> _RECORDS PROVIDED_:

text \<open>If not, the \<open>avg_inner\<close>-orthogonal complement of the resonant part of the orbit span is a
  nonzero \<open>L\<close>-invariant subspace on which \<open>L\<^sup>2\<close> is self-adjoint, hence contains an eigenvector.\<close>
lemma orbit_span_subset_resonant_span: "orbit_span \<subseteq> resonant_span"
proof (rule ccontr)
  assume "\<not> orbit_span \<subseteq> resonant_span"
  then obtain x where x: "x \<in> orbit_span" "x \<notin> resonant_span" by blast
  define P where "P = resonant_span \<inter> orbit_span"
  have "subspace P"
    unfolding P_def resonant_span_def using subspace_orbit_span by (simp add: subspace_inter)
  moreover have "\<And>z. z \<in> P \<Longrightarrow> \<forall>y\<in>P. avg_inner z y = 0 \<Longrightarrow> z = 0"
    using avg_inner_pos by (metis less_irrefl)
  moreover have "linear (avg_inner x)" using bilinear_avg_inner by (simp add: bilinear_def)
  ultimately obtain p where p: "p \<in> P" "\<forall>y\<in>P. avg_inner p y = avg_inner x y"
    using nondegenerate_bilinear_representation[OF bilinear_avg_inner] by blast
  define R where "R = {y \<in> orbit_span. \<forall>q\<in>P. avg_inner y q = 0}"
  have R_orbit: "y \<in> R \<Longrightarrow> y \<in> orbit_span" for y unfolding R_def by blast
  have "x - p \<in> orbit_span" using x(1) p(1) subspace_orbit_span unfolding P_def by (simp add: subspace_diff)
  then have "x - p \<in> R" unfolding R_def using p(2) by (simp add: bilinear_lsub[OF bilinear_avg_inner])
  moreover have "x - p \<noteq> 0" using x(2) p(1) unfolding P_def by auto
  moreover have "subspace R" unfolding R_def subspace_def using subspace_orbit_span
    by (auto simp: bilinear_ladd[OF bilinear_avg_inner] bilinear_lmul[OF bilinear_avg_inner]
        bilinear_lzero[OF bilinear_avg_inner] subspace_add subspace_scale subspace_0)
  moreover have L_R: "L y \<in> R" if y: "y \<in> R" for y
  proof -
    have "avg_inner (L y) q = 0" if q: "q \<in> P" for q
    proof -
      have "L q \<in> P" using q L_resonant_span L_orbit_span unfolding P_def by blast
      then have "avg_inner y (L q) = 0" using y unfolding R_def by blast
      moreover have "q \<in> orbit_span" using q unfolding P_def by blast
      then have "avg_inner (L y) q + avg_inner y (L q) = 0" by (rule avg_inner_skew[OF R_orbit[OF y]])
      ultimately show ?thesis by linarith
    qed
    then show ?thesis unfolding R_def using L_orbit_span[OF R_orbit[OF y]] by blast
  qed
  moreover have "avg_inner (L (L y)) y' = avg_inner y (L (L y'))" if "y \<in> R" "y' \<in> R" for y y'
    using avg_inner_skew[OF R_orbit[OF L_R[OF that(1)]] R_orbit[OF that(2)]]
      avg_inner_skew[OF R_orbit[OF that(1)] R_orbit[OF L_R[OF that(2)]]] by linarith
  moreover have "linear (\<lambda>y. L (L y))" using linear_compose[OF L L] by (simp add: o_def)
  ultimately obtain y M where y: "y \<in> R" "y \<noteq> 0" "L (L y) = M *\<^sub>R y"
    using selfadjoint_has_eigenvector[OF bilinear_avg_inner avg_inner_sym avg_inner_pos,
        where R = R and r = "x - p" and S = "\<lambda>y. L (L y)"]
    by blast
  then have "y \<in> P" using eigenvector_in_resonant_span R_orbit unfolding P_def by blast
  then have "avg_inner y y = 0" using y(1) unfolding R_def by blast
  then show False using avg_inner_pos[OF y(2)] by simp
qed

lemma initial_value_in_resonant_span: "f 0 \<in> resonant_span"
  using orbit_span_subset_resonant_span f_in_orbit_span by blast

end

section \<open>Metric two-step nilpotent Lie algebras\<close>

locale metric_two_step_nilpotent =
  fixes br :: "'n::euclidean_space \<Rightarrow> 'n \<Rightarrow> 'n" and g :: "'n \<Rightarrow> 'n \<Rightarrow> real"
  assumes nil: "two_step_nilpotent br" and ip: "inner_prod g"
    and zndeg: "nondeg_on g (lie_center br)"
begin

abbreviation "Z \<equiv> lie_center br"
abbreviation "V \<equiv> vpart g br"
abbreviation "J \<equiv> Jmap g br"

lemma bilinear_br: "bilinear br" using nil unfolding two_step_nilpotent_def lie_bracket_def by auto
lemma br_self[simp]: "br x x = 0" using nil unfolding two_step_nilpotent_def lie_bracket_def by auto
lemma br_br[simp]: "br (br x y) w = 0" using nil unfolding two_step_nilpotent_def by auto
lemma bilinear_g: "bilinear g" using ip unfolding inner_prod_def by auto
lemma g_sym: "g x y = g y x" using ip unfolding inner_prod_def by auto
lemma g_nondegenerate: "(\<And>y. g x y = 0) \<Longrightarrow> x = 0" using ip unfolding inner_prod_def by auto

> _ABOUT THIS TASK_: Across the records above, return every line that contains the word "moreover".

> _OUTPUT OF THE EXERCISE_:
  moreover have "\<And>z. z \<in> P \<Longrightarrow> \<forall>y\<in>P. avg_inner z y = 0 \<Longrightarrow> z = 0"
  moreover have "linear (avg_inner x)" using bilinear_avg_inner by (simp add: bilinear_def)
  moreover have "x - p \<noteq> 0" using x(2) p(1) unfolding P_def by auto
  moreover have "subspace R" unfolding R_def subspace_def using subspace_orbit_span
  moreover have L_R: "L y \<in> R" if y: "y \<in> R" for y
      moreover have "q \<in> orbit_span" using q unfolding P_def by blast
  moreover have "avg_inner (L (L y)) y' = avg_inner y (L (L y'))" if "y \<in> R" "y' \<in> R" for y y'
  moreover have "linear (\<lambda>y. L (L y))" using linear_compose[OF L L] by (simp add: o_def)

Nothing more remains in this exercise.